In this article, we explore what subsurface LWMs are, why traditional AI falls short for geological problems, and how mining companies can prepare for this paradigm shift.


What Are Large World Models for Subsurface Intelligence?

Traditional machine learning models for geology operate on flattened data – a drill hole becomes a 1D sequence of lithology codes and assays, a geological map becomes a 2D image, geochemical data becomes a table of element concentrations. These representations discard critical information: geometry, topology, and spatial relationships. A vein dipping 60° southeast behaves differently than one dipping 30° northwest, even if both have identical gold grades. Fault offsets create displacement that traditional AI can't reason about. Crosscutting relationships encode relative timing that flat data representations miss.

Large World Models, by contrast, aim to model the geological world itself – ingesting multi-modal inputs (drill core logs, geophysics, geochemistry, structural measurements, remote sensing) and generating an interactive 3D understanding of subsurface mineral systems. Instead of just predicting "high gold potential here," an LWM can reason: "This structure intersects favorable host rock at this depth, the alteration assemblage indicates 300°C fluids, the geochemical footprint shows a proximal source, and the geophysical signature suggests continuation 500m east – drill here."

The paradigm shift: from task-specific models (one for lithology prediction, another for grade estimation, another for targeting) to a unified foundation model that understands geological context across all data types and can tackle arbitrary exploration tasks through prompt engineering or fine-tuning.

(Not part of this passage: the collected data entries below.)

lemma joined_in_anticomplete:
  assumes "anticomplete E A B" and "joined_in E (A \<union> B) a b" and "a \<in> A"
  shows "b \<in> A"
  using assms(2,3) unfolding joined_in_def
proof (induction rule: rtranclp_induct)
  case (step y z)
  then show ?case using assms(1) unfolding anticomplete_def by blast
qed

lemma not_anticomplete_mono:
  "\<not> anticomplete E X Y \<Longrightarrow> X \<subseteq> X' \<Longrightarrow> Y \<subseteq> Y' \<Longrightarrow> \<not> anticomplete E X' Y'"
  unfolding anticomplete_def by blast

lemma anticomplete_sym: "sgraph V E \<Longrightarrow> anticomplete E X Y \<longleftrightarrow> anticomplete E Y X"
  unfolding anticomplete_def sgraph_def by blast

lemma anticomplete_UN_right:
  "anticomplete E A (\<Union>i\<in>I. S i) \<longleftrightarrow> (\<forall>i\<in>I. anticomplete E A (S i))"
  unfolding anticomplete_def by blast

lemma connected_set_Un:
  assumes "sgraph V E" and "connected_set E S" and "connected_set E T"
    and "\<not> anticomplete E S T"
  shows "connected_set E (S \<union> T)"
proof -
  obtain a b where ab: "a \<in> S" "b \<in> T" "joined_in E (S \<union> T) a b"
    using assms(4) unfolding anticomplete_def by (metis UnI1 UnI2 disjoint_iff joined_in_edge joined_in_refl)
  have inS: "joined_in E (S \<union> T) x y" if "x \<in> S" "y \<in> S" for x y
    using assms(2) that by (auto simp: connected_set_def intro: joined_in_mono)
  have inT: "joined_in E (S \<union> T) x y" if "x \<in> T" "y \<in> T" for x y
    using assms(3) that by (auto simp: connected_set_def intro: joined_in_mono)
  have across: "joined_in E (S \<union> T) x y" if "x \<in> S" "y \<in> T" for x y
    using inS[OF that(1) ab(1)] ab(3) inT[OF ab(2) that(2)] by (blast intro: joined_in_trans)
  show ?thesis
    unfolding connected_set_def
    using inS inT across joined_in_sym[OF assms(1)] by blast
qed

lemma connected_set_UN_chain:
  assumes "sgraph V E" and "m \<le> n"
    and "\<And>i. m \<le> i \<Longrightarrow> i \<le> n \<Longrightarrow> connected_set E (S i)"
    and "\<And>i. m \<le> i \<Longrightarrow> i < n \<Longrightarrow> \<not> anticomplete E (S i) (S (Suc i))"
  shows "connected_set E (\<Union>i\<in>{m..n}. S i)"
  using assms(2-4)
proof (induction n rule: nat_induct_at_least)
  case base
  then show ?case by simp
next
  case (Suc n)
  have "\<not> anticomplete E (S n) (S (Suc n))"
    using Suc.prems(2)[of n] Suc.hyps by simp
  then have "\<not> anticomplete E (\<Union>i\<in>{m..n}. S i) (S (Suc n))"
    by (rule not_anticomplete_mono) (use Suc.hyps in auto)
  then have "connected_set E ((\<Union>i\<in>{m..n}. S i) \<union> S (Suc n))"
    using Suc by (intro connected_set_Un[OF assms(1)]) auto
  moreover have "{m..Suc n} = insert (Suc n) {m..n}"
    using Suc.hyps by auto
  ultimately show ?case by (simp add: Un_commute)
qed

lemma acyclic_delete_edge_disconnects:
  assumes "sgraph V E" and "acyclic_graph V E" and "E u v"
  shows "\<not> (delete_edge E u v)\<^sup>*\<^sup>* v u"
proof
  assume "(delete_edge E u v)\<^sup>*\<^sup>* v u"
  then obtain ys where "rtrancl_path (delete_edge E u v) v ys u"
    by (auto simp: rtranclp_eq_rtrancl_path)
  then obtain xs where p: "rtrancl_path (delete_edge E u v) v xs u" and d: "distinct (v # xs)"
    by (rule rtrancl_path_distinct)
  let ?cs = "v # xs"
  have "u \<noteq> v" using assms(1,3) unfolding sgraph_def by blast
  then have "xs \<noteq> []" using p by (auto elim: rtrancl_path.cases)
  then have last: "?cs ! length xs = u"
    using rtrancl_path_last[OF p] by (cases xs rule: rev_cases) (auto simp: nth_append)
  have step: "delete_edge E u v (?cs ! i) (?cs ! Suc i)" if "i < length xs" for i
    using rtrancl_path_nth[OF p that] by simp
  have "length xs \<noteq> 1"
  proof
    assume "length xs = 1"
    then show False using step[of 0] last by (simp add: delete_edge_def)
  qed
  with \<open>xs \<noteq> []\<close> have long: "3 \<le> length ?cs" by (cases xs) (auto simp: Suc_le_eq)
  have edge: "E (?cs ! i) (?cs ! ((i + 1) mod length ?cs))" if "i < length ?cs" for i
  proof (cases "i < length xs")
    case True
    then show ?thesis using step[OF True] by (simp add: delete_edge_def)
  next
    case False
    then have "i = length xs" using that by simp
    then show ?thesis using last assms(3) by simp
  qed
  have "set ?cs \<subseteq> V"
  proof
    fix z assume "z \<in> set ?cs"
    then obtain i where "i < length ?cs" "z = ?cs ! i" by (metis in_set_conv_nth)
    then show "z \<in> V" using edge assms(1) unfolding sgraph_def by blast
  qed
  then have "is_cycle V E ?cs"
    unfolding is_cycle_def using long d edge by blast
  then show False using assms(2) unfolding acyclic_graph_def by blast
qed

lemma joined_in_last_exit:
  assumes "joined_in E S a b" and "a \<in> K" and "b \<notin> K"
  shows "\<exists>u v. u \<in> K \<and> v \<notin> K \<and> E u v \<and> v \<in> S \<and> (delete_edge E u v)\<^sup>*\<^sup>* v b"
  using assms unfolding joined_in_def
proof (induction rule: rtranclp_induct)
  case base
  then show ?case by simp
next
  case (step z w)
  show ?case
  proof (cases "z \<in> K")
    case True
    then show ?thesis using step by blast
  next
    case False
    then obtain u v where uv: "u \<in> K" "v \<notin> K" "E u v" "v \<in> S"
      and walk: "(delete_edge E u v)\<^sup>*\<^sup>* v z"
      using step by blast
    have "delete_edge E u v z w"
      using uv False step by (auto simp: delete_edge_def)
    with walk have "(delete_edge E u v)\<^sup>*\<^sup>* v w" by simp
    then show ?thesis using uv by blast
  qed
qed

Why Spatial Transformers and Geometric Deep Learning Matter

Standard neural networks struggle with 3D geological data because they lack built-in understanding of geometric relationships. A convolutional network trained to recognize alteration patterns in one orientation fails when the geology rotates – it hasn't learned that mineralization is invariant to coordinate system choice, only to geological reference frames.

Spatial Transformers: Handling Anisotropy

Narrow vein systems present a perfect example of why geometry matters. A quartz vein might extend 2km along strike, continue 800m down dip, but measure only 2m wide. Traditional 3D convolutions treat all directions equally – they blur the vein into surrounding wallrock, losing the sharp boundaries critical for resource estimation.

Spatial transformer networks (STNs) learn to warp input data into canonical orientations before processing. For a narrow vein system, the STN learns to: (1) identify vein orientation from geological data, (2) rotate coordinates so the vein aligns with a preferred axis, (3) process in this vein-aligned reference frame, (4) rotate outputs back to geographic coordinates. This approach lets the model use different receptive field shapes for along-strike (large) versus across-vein (small) processing – respecting the anisotropy inherent in geological systems.

Implementation for mineral exploration requires training STNs on diverse structural settings. A model trained only on flat-lying stratiform deposits fails when encountering steeply dipping veins. Training data must span orientations, structural complexities, and deposit types – or the model learns spurious correlations with coordinate systems rather than actual geological relationships.

Geometric Deep Learning: Topology-Aware Processing

Recent advances in geometric deep learning move beyond regular grids entirely, representing geology as graphs where nodes correspond to sample points (drill intersections, geophysical stations, geochemical samples) and edges encode spatial relationships. Graph neural networks (GNNs) then propagate information along these edges, respecting the actual topology of geological connectivity.

Consider a structurally controlled gold system: mineralization follows a shear zone, jumps across a fault offset, continues in the offset segment. Traditional approaches struggle because the high-grade zones are spatially separated in geographic coordinates. A GNN can learn that these zones are topologically connected via structural relationships – the graph edges follow structural geology rather than Euclidean distance, so information flows naturally from one ore shoot to its fault-offset continuation.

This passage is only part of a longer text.